As is often the case with statistics, though, this analysis answers only one question but leads to several new ones. Are we increasingly selling our papers on what we hope to do soon rather than on what we have actually done? Or have we just become more honest by now adding the word “toward(s)” where we might have left it out in the past?

Analysis: Half of published URLs are dysfunctional a decade later

As a small aside when setting up a local mirror of Medline, I extracted 15,915 URLs that were mentioned in the abstracts. Checking them revealed that 12,354 of them (78%) were functional, which may not seem that bad. However, plotting the percentage of dysfunctional URLs as a function of publication year reveals a less pleasant trend:

Dysfunctional URLs

After just 10 years, half of all published URLs are no longer functional, and do not redirect to the new location of the service (if one exists).
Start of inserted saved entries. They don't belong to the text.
lemma wreath_coords_determine_perm:
  assumes g: "(\<pi>, \<phi>) \<in> carrier block_group" and h: "(\<pi>', \<phi>') \<in> carrier block_group"
    and eq: "wreath_coords (\<pi>, \<phi>) = wreath_coords (\<pi>', \<phi>')"
  shows "\<pi> = \<pi>'"
proof
  fix d show "\<pi> d = \<pi>' d"
  proof (cases "d \<in> C")
    case True
    define k where "k = rep_idx d"
    have k: "k < length cs" unfolding k_def using rep_idx(1)[OF True] .
    note cls = block_group_in_iso_class[OF g True, folded k_def] block_group_in_iso_class(2)[OF h True, folded k_def]
    have "class_perm \<pi> k (class_pos k d) = class_perm \<pi>' k (class_pos k d)"
      using arg_cong[OF eq, of "\<lambda>xs. fst (xs ! k)"] unfolding wreath_coords_nth[OF k] by simp
    then have "class_pos k (\<pi> d) = class_pos k (\<pi>' d)"
      unfolding class_perm_def using cls(1) class_pos_less class_enum_pos by simp
    then show ?thesis using cls(2,3) class_enum_pos by metis
  next
    case False
    then show ?thesis using permutes_not_in block_groupD(1)[OF g] block_groupD(1)[OF h] by metis
  qed
qed

lemma wreath_coords_determine_map:
  assumes g: "(\<pi>, \<phi>) \<in> carrier block_group" and h: "(\<pi>, \<phi>') \<in> carrier block_group"
    and eq: "wreath_coords (\<pi>, \<phi>) = wreath_coords (\<pi>, \<phi>')"
  shows "\<phi> = \<phi>'"
proof
  fix d show "\<phi> d = \<phi>' d"
  proof (cases "d \<in> C")
    case True
    define k where "k = rep_idx d"
    have k: "k < length cs" unfolding k_def using rep_idx(1)[OF True] .
    have \<pi>d: "\<pi> d \<in> iso_class k" using block_group_in_iso_class(2)[OF g True] unfolding k_def .
    define i where "i = class_pos k (\<pi> d)"
    have i: "i < card (iso_class k)" unfolding i_def using class_pos_less[OF \<pi>d] .
    have d: "inv_into UNIV \<pi> (class_enum k i) = d"
      unfolding i_def using class_enum_pos[OF \<pi>d] permutes_inverses(2)[OF block_groupD(1)[OF g]] by simp
    have "\<forall>i<card (iso_class k). local_part \<pi> \<phi> (inv_into UNIV \<pi> (class_enum k i)) =
        local_part \<pi> \<phi>' (inv_into UNIV \<pi> (class_enum k i))"
      using arg_cong[OF eq, of "\<lambda>xs. snd (xs ! k)"] unfolding wreath_coords_nth[OF k] by simp
    then have "local_part \<pi> \<phi> d = local_part \<pi> \<phi>' d" using i d by metis
    then show ?thesis
      using block_map_local_part[of d \<pi>, OF True block_group_perm_in(1)[OF g True]
          rep_idx_block_group_perm[OF g True]] block_groupD(2)[OF g True] block_groupD(2)[OF h True]
        local_part_cong[of \<phi> d "\<lambda>_. \<phi> d" \<pi>] local_part_cong[of \<phi>' d "\<lambda>_. \<phi>' d" \<pi>]
      by metis
  next
    case False
    then show ?thesis using block_groupD(3)[OF g] block_groupD(3)[OF h] by simp
  qed
qed

lemma wreath_coords_inj: "inj_on wreath_coords (carrier block_group)"
proof (rule inj_onI)
  fix g h assume g: "g \<in> carrier block_group" and h: "h \<in> carrier block_group"
    and eq: "wreath_coords g = wreath_coords h"
  obtain \<pi> \<phi> \<pi>' \<phi>' where gh: "g = (\<pi>, \<phi>)" "h = (\<pi>', \<phi>')" by fastforce
  have "\<pi> = \<pi>'" using wreath_coords_determine_perm g h eq unfolding gh by blast
  moreover from this have "\<phi> = \<phi>'" using wreath_coords_determine_map g h eq unfolding gh by blast
  ultimately show "g = h" unfolding gh by simp
qed

definition coords_perm :: "((nat \<Rightarrow> nat) \<times> ('a \<Rightarrow> 'a) list) list \<Rightarrow> 'c \<Rightarrow> 'c" where
  "coords_perm ys d = (if d \<in> C then class_enum (rep_idx d) (fst (ys ! rep_idx d) (class_pos (rep_idx d) d)) else d)"

definition coords_map :: "((nat \<Rightarrow> nat) \<times> ('a \<Rightarrow> 'a) list) list \<Rightarrow> 'c \<Rightarrow> 'a \<Rightarrow> 'a" where
  "coords_map ys d = (if d \<in> C then block_map (coords_perm ys) d
     (snd (ys ! rep_idx d) ! class_pos (rep_idx d) (coords_perm ys d)) else undefined)"

context
  fixes ys
  assumes ys: "ys \<in> carrier (dprod (map (\<lambda>c. wreath (ncopies c) (H c)) cs))"
begin

private lemma ys_nth:
  assumes k: "k < length cs"
  shows "fst (ys ! k) permutes {..<card (iso_class k)}" "length (snd (ys ! k)) = card (iso_class k)"
    "set (snd (ys ! k)) \<subseteq> Iso (cs ! k) (cs ! k)"
proof -
  have "ys ! k \<in> carrier (wreath (ncopies (cs ! k)) (H (cs ! k)))" using ys k unfolding dprod_def by simp
  then show "fst (ys ! k) permutes {..<card (iso_class k)}" "length (snd (ys ! k)) = card (iso_class k)"
    "set (snd (ys ! k)) \<subseteq> Iso (cs ! k) (cs ! k)"
    unfolding wreath_def card_iso_class[OF k] using carrier_H[OF nth_mem[OF k]] by auto
qed

lemma coords_perm_class:
  assumes "d \<in> C"
  shows "coords_perm ys d \<in> iso_class (rep_idx d)"
    "class_pos (rep_idx d) (coords_perm ys d) = fst (ys ! rep_idx d) (class_pos (rep_idx d) d)"
proof -
  define k where "k = rep_idx d"
  have "fst (ys ! k) (class_pos k d) < card (iso_class k)"
    using permutes_in_image[OF ys_nth(1)] rep_idx(1)[OF assms] class_pos_less assms
    unfolding k_def iso_class_def by simp
  then show "coords_perm ys d \<in> iso_class (rep_idx d)"
    "class_pos (rep_idx d) (coords_perm ys d) = fst (ys ! rep_idx d) (class_pos (rep_idx d) d)"
    unfolding coords_perm_def k_def[symmetric] using assms class_enum_in class_pos_enum by simp_all
qed

lemma coords_perm_permutes: "coords_perm ys permutes C"
proof -
  have into: "coords_perm ys d \<in> C" "rep_idx (coords_perm ys d) = rep_idx d" if "d \<in> C" for d
    using coords_perm_class(1)[OF that] unfolding iso_class_def by auto
  have "inj_on (coords_perm ys) C"
  proof (rule inj_onI)
    fix d e assume d: "d \<in> C" and e: "e \<in> C" and eq: "coords_perm ys d = coords_perm ys e"
    define k where "k = rep_idx d"
    have ke: "rep_idx e = k" using into(2)[OF d] into(2)[OF e] eq unfolding k_def by simp
    have "fst (ys ! k) (class_pos k d) = fst (ys ! k) (class_pos k e)"
      using coords_perm_class(2)[OF d] coords_perm_class(2)[OF e] eq ke unfolding k_def by simp
    then have "class_pos k d = class_pos k e"
      using permutes_inj[OF ys_nth(1)[OF rep_idx(1)[OF d]]] unfolding k_def by (meson injD)
    moreover have "d \<in> iso_class k" "e \<in> iso_class k" using d e ke unfolding k_def iso_class_def by simp_all
    ultimately show "d = e" using class_enum_pos by metis
  qed
  moreover have "coords_perm ys ` C \<subseteq> C" using into(1) by blast
  ultimately have "bij_betw (coords_perm ys) C C"
    unfolding bij_betw_def using endo_inj_surj[OF finite_blocks] by simp
  then show ?thesis by (rule bij_imp_permutes) (simp add: coords_perm_def)
qed

lemma coords_map_Iso:
  assumes d: "d \<in> C"
  shows "coords_map ys d \<in> Iso d (coords_perm ys d)"
proof -
  define k where "k = rep_idx d"
  have k: "k < length cs" unfolding k_def using rep_idx(1)[OF d] .
  have \<pi>d: "coords_perm ys d \<in> C" "rep_idx (coords_perm ys d) = rep_idx d"
    using coords_perm_class(1)[OF d] unfolding iso_class_def by auto
  have "class_pos k (coords_perm ys d) < length (snd (ys ! k))"
    using class_pos_less coords_perm_class(1)[OF d] ys_nth(2)[OF k] unfolding k_def by simp
  then have "snd (ys ! k) ! class_pos k (coords_perm ys d) \<in> Iso (cs ! k) (cs ! k)"
    using ys_nth(3)[OF k] nth_mem by blast
  then show ?thesis
    unfolding coords_map_def k_def using block_map_Iso[of d "coords_perm ys", OF d \<pi>d] d by simp
qed

lemma coords_in_block_group: "(coords_perm ys, coords_map ys) \<in> carrier block_group"
  unfolding block_group_def using coords_perm_permutes coords_map_Iso by (simp add: coords_map_def)

lemma wreath_coords_coords: "wreath_coords (coords_perm ys, coords_map ys) = ys"
proof (rule nth_equalityI)
  have "length ys = length cs" using ys unfolding dprod_def by simp
  then show "length (wreath_coords (coords_perm ys, coords_map ys)) = length ys"
    unfolding wreath_coords_def by simp
  fix k assume "k < length (wreath_coords (coords_perm ys, coords_map ys))"
  then have k: "k < length cs" unfolding wreath_coords_def by simp
  note g = coords_in_block_group
  have "class_perm (coords_perm ys) k = fst (ys ! k)"
  proof
    fix i show "class_perm (coords_perm ys) k i = fst (ys ! k) i"
    proof (cases "i < card (iso_class k)")
      case True
      have c: "class_enum k i \<in> C" and ck: "rep_idx (class_enum k i) = k"
        using class_enum_in[OF True] unfolding iso_class_def by auto
      show ?thesis
        unfolding class_perm_def using coords_perm_class(2)[OF c, unfolded ck] True class_pos_enum[OF True]
        by simp
    next
      case False
      then show ?thesis unfolding class_perm_def using permutes_not_in[OF ys_nth(1)[OF k]] by simp
    qed
  qed
  moreover have "local_part (coords_perm ys) (coords_map ys)
      (inv_into UNIV (coords_perm ys) (class_enum k i)) = snd (ys ! k) ! i"
    if i: "i < card (iso_class k)" for i
  proof -
    define d where "d = inv_into UNIV (coords_perm ys) (class_enum k i)"
    have \<pi>d: "coords_perm ys d = class_enum k i"
      unfolding d_def using permutes_inverses(1)[OF coords_perm_permutes] by simp
    have d: "d \<in> C" "rep_idx d = k"
      using class_enum_in[OF i] block_group_perm_in(2)[OF g] rep_idx_block_group_perm_inv[OF g]
      unfolding d_def iso_class_def by auto
    have "snd (ys ! k) ! i \<in> Iso (cs ! rep_idx d) (cs ! rep_idx d)"
      using ys_nth(2,3)[OF k] i d(2) nth_mem by auto
    have "coords_map ys d = block_map (coords_perm ys) d (snd (ys ! k) ! i)"
      unfolding coords_map_def using d \<pi>d class_pos_enum[OF i] by simp
    then have "local_part (coords_perm ys) (coords_map ys) d =
        local_part (coords_perm ys) (\<lambda>_. block_map (coords_perm ys) d (snd (ys ! k) ! i)) d"
      by (rule local_part_cong)
    also have "\<dots> = snd (ys ! k) ! i"
      using local_part_block_map[of d "coords_perm ys", OF d(1) block_group_perm_in(1)[OF g d(1)]
          rep_idx_block_group_perm[OF g d(1)] \<open>snd (ys ! k) ! i \<in> _\<close>] .
    finally show ?thesis unfolding d_def .
  qed
  ultimately show "wreath_coords (coords_perm ys, coords_map ys) ! k = ys ! k"
    unfolding wreath_coords_nth[OF k] using ys_nth(2)[OF k] by (simp add: list_eq_iff_nth_eq prod_eq_iff)
qed

end

theorem block_group_iso_dprod: "block_group \<cong> dprod (map (\<lambda>c. wreath (ncopies c) (H c)) cs)"
proof (rule is_isoI_pointwise[where h = wreath_coords])
  show "wreath_coords g \<in> carrier (dprod (map (\<lambda>c. wreath (ncopies c) (H c)) cs))"
    if "g \<in> carrier block_group" for g
    using wreath_coords_carrier that by (cases g) simp
  show "carrier (dprod (map (\<lambda>c. wreath (ncopies c) (H c)) cs)) \<subseteq> wreath_coords ` carrier block_group"
  proof
    fix ys assume ys: "ys \<in> carrier (dprod (map (\<lambda>c. wreath (ncopies c) (H c)) cs))"
    show "ys \<in> wreath_coords ` carrier block_group"
      by (rule image_eqI[of ys wreath_coords "(coords_perm ys, coords_map ys)", OF wreath_coords_coords[OF ys, symmetric] coords_in_block_group[OF ys]])
  qed
qed (rule wreath_coords_mult, assumption+, rule wreath_coords_inj)

end

lemma transport_iso: "inj_on f (carrier G) \<Longrightarrow> G \<cong> transport f G"
  by (rule is_isoI_pointwise[where h = f]) (auto simp: transport_def inv_into_f_f)

lemma wreath_iso:
  assumes "P \<cong> Q"
  shows "wreath m P \<cong> wreath m Q"
proof -
  obtain h where h: "h \<in> hom P Q" "bij_betw h (carrier P) (carrier Q)"
    using assms unfolding is_iso_def iso_def by blast
  show ?thesis
  proof (rule is_isoI_pointwise[where h = "\<lambda>(s, xs). (s, map h xs)"])
    show "(\<lambda>(s, xs). (s, map h xs)) x \<in> carrier (wreath m Q)" if "x \<in> carrier (wreath m P)" for x
      using that bij_betwE[OF h(2)] unfolding wreath_def by (fastforce simp: subset_iff)
    show "(\<lambda>(s, xs). (s, map h xs)) (x \<otimes>\<^bsub>wreath m P\<^esub> y) =
        (\<lambda>(s, xs). (s, map h xs)) x \<otimes>\<^bsub>wreath m Q\<^esub> (\<lambda>(s, xs). (s, map h xs)) y"
      if x: "x \<in> carrier (wreath m P)" and y: "y \<in> carrier (wreath m P)" for x y
    proof -
      obtain s xs t ys where xy: "x = (s, xs)" "y = (t, ys)" by fastforce
      have "s permutes {..<m}" "length xs = m" "set xs \<subseteq> carrier P" "length ys = m" "set ys \<subseteq> carrier P"
        using x y unfolding xy wreath_def by auto
      moreover have "inv_into UNIV s i < m" if "i < m" "s permutes {..<m}" for i
        using permutes_in_image[OF permutes_inv[OF that(2)]] that(1) by simp
      ultimately show ?thesis
        unfolding xy wreath_def using hom_mult[OF h(1)] by (auto simp: subset_iff)
    qed
    show "inj_on (\<lambda>(s, xs). (s, map h xs)) (carrier (wreath m P))"
    proof (rule inj_onI)
      fix x y assume x: "x \<in> carrier (wreath m P)" and y: "y \<in> carrier (wreath m P)"
        and e: "(\<lambda>(s, xs). (s, map h xs)) x = (\<lambda>(s, xs). (s, map h xs)) y"
      obtain s xs t ys where xy: "x = (s, xs)" "y = (t, ys)" by fastforce
      have "set xs \<subseteq> carrier P" "set ys \<subseteq> carrier P" using x y unfolding xy wreath_def by auto
      then have "inj_on h (set xs \<union> set ys)"
        using inj_on_subset[OF bij_betw_imp_inj_on[OF h(2)]] by blast
      moreover have "s = t" "map h xs = map h ys" using e unfolding xy by auto
      ultimately show "x = y" unfolding xy using inj_on_map_eq_map by blast
    qed
    show "carrier (wreath m Q) \<subseteq> (\<lambda>(s, xs). (s, map h xs)) ` carrier (wreath m P)"
    proof (clarify)
      fix s zs assume "(s, zs) \<in> carrier (wreath m Q)"
      then have z: "s permutes {..<m}" "length zs = m" "set zs \<subseteq> carrier Q" unfolding wreath_def by auto
      define xs where "xs = map (inv_into (carrier P) h) zs"
      have "set xs \<subseteq> carrier P" "map h xs = zs"
        unfolding xs_def using z(3) bij_betw_inv_into_right[OF h(2)] bij_betwE[OF bij_betw_inv_into[OF h(2)]]
        by (auto simp: subset_iff map_idI)
      then show "(s, zs) \<in> (\<lambda>(s, xs). (s, map h xs)) ` carrier (wreath m P)"
        using z unfolding wreath_def by (auto intro!: image_eqI[of _ _ "(s, xs)"] simp: xs_def)
    qed
  qed
qed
The fairly high success rate overall is merely a consequence of most URLs having been published within the last few years. Unless the persistence of URLs is improving (which I see no sign of in the plot), we can thus expect to have thousands of URLs in the published literature that are no longer valid.

Edit: Andrew Lang pointed out a similar study of URLs cited in communications journals.

Edit: Duncan Hull pointed out a paper on URL decay in Medline by Jonathan Wren, which reminded me of an even earlier paper on the topic.